(* Let $\mathcal{D}$ be any basic action theory (including (P1), (P2) and $(\star)$) with a sensing action $\mathit{obs}(z)$ sensing the fluent $f$, with likelihood axiom $l(\mathit{obs}(z),s) = u \equiv u = \mathit{Err}(z,f(s))$ and precondition axiom $\mathit{Poss}(\mathit{obs}(z),s)\equiv \mathit{true}$, where $\mathit{Err}(u_1,u_2)$ is an expression with only two free (numeric) variables, and where $\mathit{obs}(z)$ does not change the value of any fluent. Let $u$ be the variable among $\vec x = (x_1,\ldots,x_m)$ corresponding to the values of $f$, and let $a,b$ be terms. Then $$\mathcal{D}\models \textit{Bel}(a \le f \le b, do(\mathit{obs}(z),S_0)) = \frac{\int_{\vec x}[P(\vec x, f = u \land a \le u \le b, S_0)\times \mathit{Err}(z,u)]}{\int_{\vec x}[P(\vec x, f = u, S_0)\times\mathit{Err}(z,u)]}.$$
   Context: Situation calculus: a many-sorted language $\mathcal{L}$ with sorts action, situation, object; $do(a,s)$ is the successor of $s$ under action $a$, $do(\alpha,s)$ for a sequence $\alpha$ is iterated $do$; $S_0$ the actual initial situation; $\mathit{Init}(s) \doteq \neg\exists a,s'.\, s = do(a,s')$; $\iota$ ranges over initial situations. The fluents $f_1,\ldots,f_m$ (one of which is $f$) are all the fluents, take only a situation argument, and take values in $\mathbb{R}$; $i$ ranges over their indices. $\phi[s]$ restores situation argument $s$ in situation-suppressed $\phi$. $\langle z.\ \psi \to t\rangle = v$ abbreviates $[(\exists z\psi)\supset \forall z(\psi \supset v = t)] \land [(\neg\exists z\psi) \supset v = 0]$. Distinguished symbols: $\mathit{Poss}(a,s)$, $p(s',s)$ (density of $s'$ when in $s$), $l(a,s)$ (likelihood). A basic action theory consists of an initial theory containing (P1) $\forall \iota,s.\ p(s,\iota) \ge 0 \land (p(s,\iota) > 0 \supset \mathit{Init}(s))$ and $(\star)$ $[\forall \vec x\, \exists \iota \bigwedge_i f_i(\iota) = x_i] \land [\forall \iota,\iota'.\ \bigwedge_i f_i(\iota) = f_i(\iota') \supset \iota = \iota']$; precondition axioms; successor state axioms including (P2) $p(s',do(a,s)) = v \equiv \exists s''[s' = do(a,s'') \land \mathit{Poss}(a,s'') \land v = p(s'',s)\times l(a,s'')] \lor \neg\exists s''[s'=do(a,s'')\land \mathit{Poss}(a,s'')] \land v = 0$; likelihood axioms; foundational axioms. For a ground action sequence $\alpha$, $P(\vec x,\phi,do(\alpha,S_0)) \doteq \langle \iota.\ \bigwedge_i f_i(\iota) = x_i \land \phi[do(\alpha,\iota)] \to p(do(\alpha,\iota),do(\alpha,S_0))\rangle$ (with $\alpha$ empty giving $P(\vec x,\phi,S_0)$), and $\textit{Bel}(\phi,s) \doteq \frac{1}{\gamma}\int_{\vec x} P(\vec x,\phi,s)$ with $\gamma$ the numerator with $\phi$ replaced by $\mathit{true}$. $\int_{\vec x}$ is the logical abbreviation of the improper Riemann integral over $\mathbb{R}^m$, and entailment is over $\mathbb{R}$-interpretations (structures where arithmetic, $e$, $\pi$, exponentiation and logarithms have their usual meaning over the reals). *)

theory Defs
  imports "HOL-Analysis.Analysis"
begin

text \<open>Semantic rendering of the situation calculus: an R-interpretation is given by
  carriers for actions ('a) and situations ('s), the function do, the constant S0,
  the distinguished symbols Poss, p, l, the fluents F i (i = 1..m), the sensing
  action obs, and the denotation Err of the error expression.\<close>

definition Init :: "('a \<Rightarrow> 's \<Rightarrow> 's) \<Rightarrow> 's \<Rightarrow> bool" where
  "Init do s \<longleftrightarrow> \<not> (\<exists>a s'. s = do a s')"

fun do_seq :: "('a \<Rightarrow> 's \<Rightarrow> 's) \<Rightarrow> 'a list \<Rightarrow> 's \<Rightarrow> 's" where
  "do_seq do [] s = s"
| "do_seq do (a # as) s = do_seq do as (do a s)"

text \<open>The construct < z. psi -> t > (value t if psi is satisfiable, and t is then
  determined; 0 if psi is unsatisfiable).\<close>
definition guarded_val :: "('z \<Rightarrow> bool) \<Rightarrow> ('z \<Rightarrow> real) \<Rightarrow> real" where
  "guarded_val psi t = (if \<exists>z. psi z then (THE v. \<forall>z. psi z \<longrightarrow> v = t z) else 0)"

text \<open>P(x, phi, do(alpha, S0)); phi is given with its situation argument restored.\<close>
definition Pdens ::
  "('a \<Rightarrow> 's \<Rightarrow> 's) \<Rightarrow> 's \<Rightarrow> ('s \<Rightarrow> 's \<Rightarrow> real) \<Rightarrow> (nat \<Rightarrow> 's \<Rightarrow> real) \<Rightarrow> nat
    \<Rightarrow> 'a list \<Rightarrow> ('s \<Rightarrow> bool) \<Rightarrow> (nat \<Rightarrow> real) \<Rightarrow> real" where
  "Pdens do S0 p F m alpha phi x =
     guarded_val
       (\<lambda>\<iota>. Init do \<iota> \<and> (\<forall>i\<in>{1..m}. F i \<iota> = x i) \<and> phi (do_seq do alpha \<iota>))
       (\<lambda>\<iota>. p (do_seq do alpha \<iota>) (do_seq do alpha S0))"

definition improper_int :: "(real \<Rightarrow> real) \<Rightarrow> real" where
  "improper_int h = Lim at_top (\<lambda>u::real. integral {-u..u} h)"

text \<open>Integral over R^m as iterated improper integral; variable x_i for i = 1..m
  (x_m outermost). Components outside 1..m are irrelevant (set to 0).\<close>
fun nint :: "nat \<Rightarrow> ((nat \<Rightarrow> real) \<Rightarrow> real) \<Rightarrow> real" where
  "nint 0 g = g (\<lambda>_. 0)"
| "nint (Suc n) g = improper_int (\<lambda>t. nint n (\<lambda>x. g (x(Suc n := t))))"

definition Bel ::
  "('a \<Rightarrow> 's \<Rightarrow> 's) \<Rightarrow> 's \<Rightarrow> ('s \<Rightarrow> 's \<Rightarrow> real) \<Rightarrow> (nat \<Rightarrow> 's \<Rightarrow> real) \<Rightarrow> nat
    \<Rightarrow> 'a list \<Rightarrow> ('s \<Rightarrow> bool) \<Rightarrow> real" where
  "Bel do S0 p F m alpha phi =
     (1 / nint m (Pdens do S0 p F m alpha (\<lambda>_. True))) * nint m (Pdens do S0 p F m alpha phi)"

definition bat_model ::
  "('a \<Rightarrow> 's \<Rightarrow> 's) \<Rightarrow> 's \<Rightarrow> ('a \<Rightarrow> 's \<Rightarrow> bool) \<Rightarrow> ('s \<Rightarrow> 's \<Rightarrow> real) \<Rightarrow> ('a \<Rightarrow> 's \<Rightarrow> real)
    \<Rightarrow> (nat \<Rightarrow> 's \<Rightarrow> real) \<Rightarrow> nat \<Rightarrow> nat \<Rightarrow> (real \<Rightarrow> 'a) \<Rightarrow> (real \<Rightarrow> real \<Rightarrow> real) \<Rightarrow> bool" where
  "bat_model do S0 Poss p l F m k obs Err \<longleftrightarrow>
     k \<in> {1..m}
     \<comment> \<open>foundational axioms\<close>
     \<and> (\<forall>a s a' s'. do a s = do a' s' \<longrightarrow> a = a' \<and> s = s')
     \<and> (\<forall>Q. (\<forall>s. Init do s \<longrightarrow> Q s) \<and> (\<forall>a s. Q s \<longrightarrow> Q (do a s)) \<longrightarrow> (\<forall>s. Q s))
     \<and> Init do S0
     \<comment> \<open>(P1)\<close>
     \<and> (\<forall>\<iota> s. Init do \<iota> \<longrightarrow> p s \<iota> \<ge> 0 \<and> (p s \<iota> > 0 \<longrightarrow> Init do s))
     \<comment> \<open>(star)\<close>
     \<and> (\<forall>x::nat \<Rightarrow> real. \<exists>\<iota>. Init do \<iota> \<and> (\<forall>i\<in>{1..m}. F i \<iota> = x i))
     \<and> (\<forall>\<iota> \<iota>'. Init do \<iota> \<and> Init do \<iota>' \<and> (\<forall>i\<in>{1..m}. F i \<iota> = F i \<iota>') \<longrightarrow> \<iota> = \<iota>')
     \<comment> \<open>(P2)\<close>
     \<and> (\<forall>s' a s v. p s' (do a s) = v \<longleftrightarrow>
          (\<exists>s''. s' = do a s'' \<and> Poss a s'' \<and> v = p s'' s * l a s'')
          \<or> (\<not> (\<exists>s''. s' = do a s'' \<and> Poss a s'') \<and> v = 0))
     \<comment> \<open>sensing action obs(z) for fluent f = F k\<close>
     \<and> (\<forall>z s. Poss (obs z) s)
     \<and> (\<forall>z s. l (obs z) s = Err z (F k s))
     \<and> (\<forall>z s i. i \<in> {1..m} \<longrightarrow> F i (do (obs z) s) = F i s)"

end

theory Submission
  imports Defs
begin

text \<open>By the uniqueness half of (star), a value vector x names at most one initial situation,
  so P(x, phi, s) is just the density of the successor of that situation when it satisfies phi,
  and 0 otherwise. The sensing action leaves every fluent unchanged and, by (P2), multiplies the
  density by its likelihood Err(z, f); so after obs(z) the integrands of both the numerator and
  the normalising factor of Bel are the initial ones multiplied pointwise by Err(z, u).\<close>

lemma guarded_val_unique:
  assumes "P i" and "\<And>j. P j \<Longrightarrow> j = i"
  shows "guarded_val P t = t i"
proof -
  have "(THE v. \<forall>z. P z \<longrightarrow> v = t z) = t i"
    by (rule the_equality) (use assms in blast)+
  with assms(1) show ?thesis
    unfolding guarded_val_def by auto
qed

lemma guarded_val_unsat:
  assumes "\<And>j. \<not> P j"
  shows "guarded_val P t = 0"
  using assms unfolding guarded_val_def by auto

lemma Pdens_at_initial:
  assumes "Init do \<iota>" and "\<forall>i\<in>{1..m}. F i \<iota> = x i"
    and unique: "\<And>\<iota>'. Init do \<iota>' \<Longrightarrow> \<forall>i\<in>{1..m}. F i \<iota>' = x i \<Longrightarrow> \<iota>' = \<iota>"
  shows "Pdens do S0 p F m alpha phi x
       = (if phi (do_seq do alpha \<iota>) then p (do_seq do alpha \<iota>) (do_seq do alpha S0) else 0)"
proof (cases "phi (do_seq do alpha \<iota>)")
  case True
  have "Pdens do S0 p F m alpha phi x = p (do_seq do alpha \<iota>) (do_seq do alpha S0)"
    unfolding Pdens_def by (rule guarded_val_unique) (use assms(1,2) True in simp, use unique in blast)
  with True show ?thesis by simp
next
  case False
  have "Pdens do S0 p F m alpha phi x = 0"
    unfolding Pdens_def by (rule guarded_val_unsat) (use unique False in metis)
  with False show ?thesis by simp
qed

lemma density_do_possible:
  assumes P2: "\<forall>s' a s v. p s' (do a s) = v \<longleftrightarrow>
          (\<exists>s''. s' = do a s'' \<and> Poss a s'' \<and> v = p s'' s * l a s'')
          \<or> (\<not> (\<exists>s''. s' = do a s'' \<and> Poss a s'') \<and> v = 0)"
    and "Poss a s'"
  shows "p (do a s') (do a s) = p s' s * l a s'"
  using P2[rule_format, of "do a s'" a s "p s' s * l a s'"] assms(2) by blast

lemma bat_modelD:
  assumes "bat_model do S0 Poss p l F m k obs Err"
  shows bat_model_fluent_index: "k \<in> {1..m}"
    and bat_model_initial_exists: "\<exists>\<iota>. Init do \<iota> \<and> (\<forall>i\<in>{1..m}. F i \<iota> = x i)"
    and bat_model_initial_unique:
      "Init do \<iota> \<Longrightarrow> Init do \<iota>' \<Longrightarrow> \<forall>i\<in>{1..m}. F i \<iota> = F i \<iota>' \<Longrightarrow> \<iota> = \<iota>'"
    and bat_model_P2: "\<forall>s' a s v. p s' (do a s) = v \<longleftrightarrow>
          (\<exists>s''. s' = do a s'' \<and> Poss a s'' \<and> v = p s'' s * l a s'')
          \<or> (\<not> (\<exists>s''. s' = do a s'' \<and> Poss a s'') \<and> v = 0)"
    and bat_model_Poss_obs: "Poss (obs z) s"
    and bat_model_likelihood_obs: "l (obs z) s = Err z (F k s)"
    and bat_model_obs_preserves_fluents: "i \<in> {1..m} \<Longrightarrow> F i (do (obs z) s) = F i s"
  using assms unfolding bat_model_def by (elim conjE; blast)+

lemma bat_model_density_obs:
  assumes "bat_model do S0 Poss p l F m k obs Err"
  shows "p (do (obs z) s) (do (obs z) S0) = p s S0 * Err z (F k s)"
  using density_do_possible[OF bat_model_P2[OF assms] bat_model_Poss_obs[OF assms]]
  by (simp add: bat_model_likelihood_obs[OF assms])

lemma Pdens_obs:
  assumes M: "bat_model do S0 Poss p l F m k obs Err"
  shows "Pdens do S0 p F m [obs z] (\<lambda>s. R (F k s)) x
       = Pdens do S0 p F m [] (\<lambda>s. F k s = x k \<and> R (x k)) x * Err z (x k)"
proof -
  obtain \<iota> where \<iota>: "Init do \<iota>" "\<forall>i\<in>{1..m}. F i \<iota> = x i"
    using bat_model_initial_exists[OF M] by blast
  have unique: "\<iota>' = \<iota>" if "Init do \<iota>'" "\<forall>i\<in>{1..m}. F i \<iota>' = x i" for \<iota>'
    using bat_model_initial_unique[OF M that(1) \<iota>(1)] that(2) \<iota>(2) by simp
  have "F k \<iota> = x k"
    using \<iota>(2) bat_model_fluent_index[OF M] by blast
  moreover have "F k (do (obs z) \<iota>) = F k \<iota>"
    using bat_model_obs_preserves_fluents[OF M bat_model_fluent_index[OF M]] .
  ultimately show ?thesis
    by (simp add: Pdens_at_initial[where F = F and x = x, OF \<iota> unique]
        bat_model_density_obs[OF M])
qed

theorem mainTheorem13:
  fixes do :: "'a \<Rightarrow> 's \<Rightarrow> 's" and S0 :: 's and Poss :: "'a \<Rightarrow> 's \<Rightarrow> bool"
    and p :: "'s \<Rightarrow> 's \<Rightarrow> real" and l :: "'a \<Rightarrow> 's \<Rightarrow> real"
    and F :: "nat \<Rightarrow> 's \<Rightarrow> real" and m k :: nat
    and obs :: "real \<Rightarrow> 'a" and Err :: "real \<Rightarrow> real \<Rightarrow> real"
    and a b z :: real
  assumes "bat_model do S0 Poss p l F m k obs Err"
  shows "Bel do S0 p F m [obs z] (\<lambda>s. a \<le> F k s \<and> F k s \<le> b)
         = nint m (\<lambda>x. Pdens do S0 p F m [] (\<lambda>s. F k s = x k \<and> a \<le> x k \<and> x k \<le> b) x * Err z (x k))
           / nint m (\<lambda>x. Pdens do S0 p F m [] (\<lambda>s. F k s = x k) x * Err z (x k))"
proof -
  have "Pdens do S0 p F m [obs z] (\<lambda>s. a \<le> F k s \<and> F k s \<le> b)
      = (\<lambda>x. Pdens do S0 p F m [] (\<lambda>s. F k s = x k \<and> a \<le> x k \<and> x k \<le> b) x * Err z (x k))"
    using Pdens_obs[OF assms, where R = "\<lambda>r. a \<le> r \<and> r \<le> b"] by (intro ext) simp
  moreover have "Pdens do S0 p F m [obs z] (\<lambda>_. True)
      = (\<lambda>x. Pdens do S0 p F m [] (\<lambda>s. F k s = x k) x * Err z (x k))"
    using Pdens_obs[OF assms, where R = "\<lambda>_. True"] by (intro ext) simp
  ultimately show ?thesis
    unfolding Bel_def by simp
qed

end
····················
After locating the line with "so P(x, phi, s)" in the material above, return it and each line after it exactly, ending at the line with "unfolding Pdens_def by (rule guarded_val_unique)".

Answer space:
  so P(x, phi, s) is just the density of the successor of that situation when it satisfies phi,
  and 0 otherwise. The sensing action leaves every fluent unchanged and, by (P2), multiplies the
  density by its likelihood Err(z, f); so after obs(z) the integrands of both the numerator and
  the normalising factor of Bel are the initial ones multiplied pointwise by Err(z, u).\<close>

lemma guarded_val_unique:
  assumes "P i" and "\<And>j. P j \<Longrightarrow> j = i"
  shows "guarded_val P t = t i"
proof -
  have "(THE v. \<forall>z. P z \<longrightarrow> v = t z) = t i"
    by (rule the_equality) (use assms in blast)+
  with assms(1) show ?thesis
    unfolding guarded_val_def by auto
qed

lemma guarded_val_unsat:
  assumes "\<And>j. \<not> P j"
  shows "guarded_val P t = 0"
  using assms unfolding guarded_val_def by auto

lemma Pdens_at_initial:
  assumes "Init do \<iota>" and "\<forall>i\<in>{1..m}. F i \<iota> = x i"
    and unique: "\<And>\<iota>'. Init do \<iota>' \<Longrightarrow> \<forall>i\<in>{1..m}. F i \<iota>' = x i \<Longrightarrow> \<iota>' = \<iota>"
  shows "Pdens do S0 p F m alpha phi x
       = (if phi (do_seq do alpha \<iota>) then p (do_seq do alpha \<iota>) (do_seq do alpha S0) else 0)"
proof (cases "phi (do_seq do alpha \<iota>)")
  case True
  have "Pdens do S0 p F m alpha phi x = p (do_seq do alpha \<iota>) (do_seq do alpha S0)"
    unfolding Pdens_def by (rule guarded_val_unique) (use assms(1,2) True in simp, use unique in blast)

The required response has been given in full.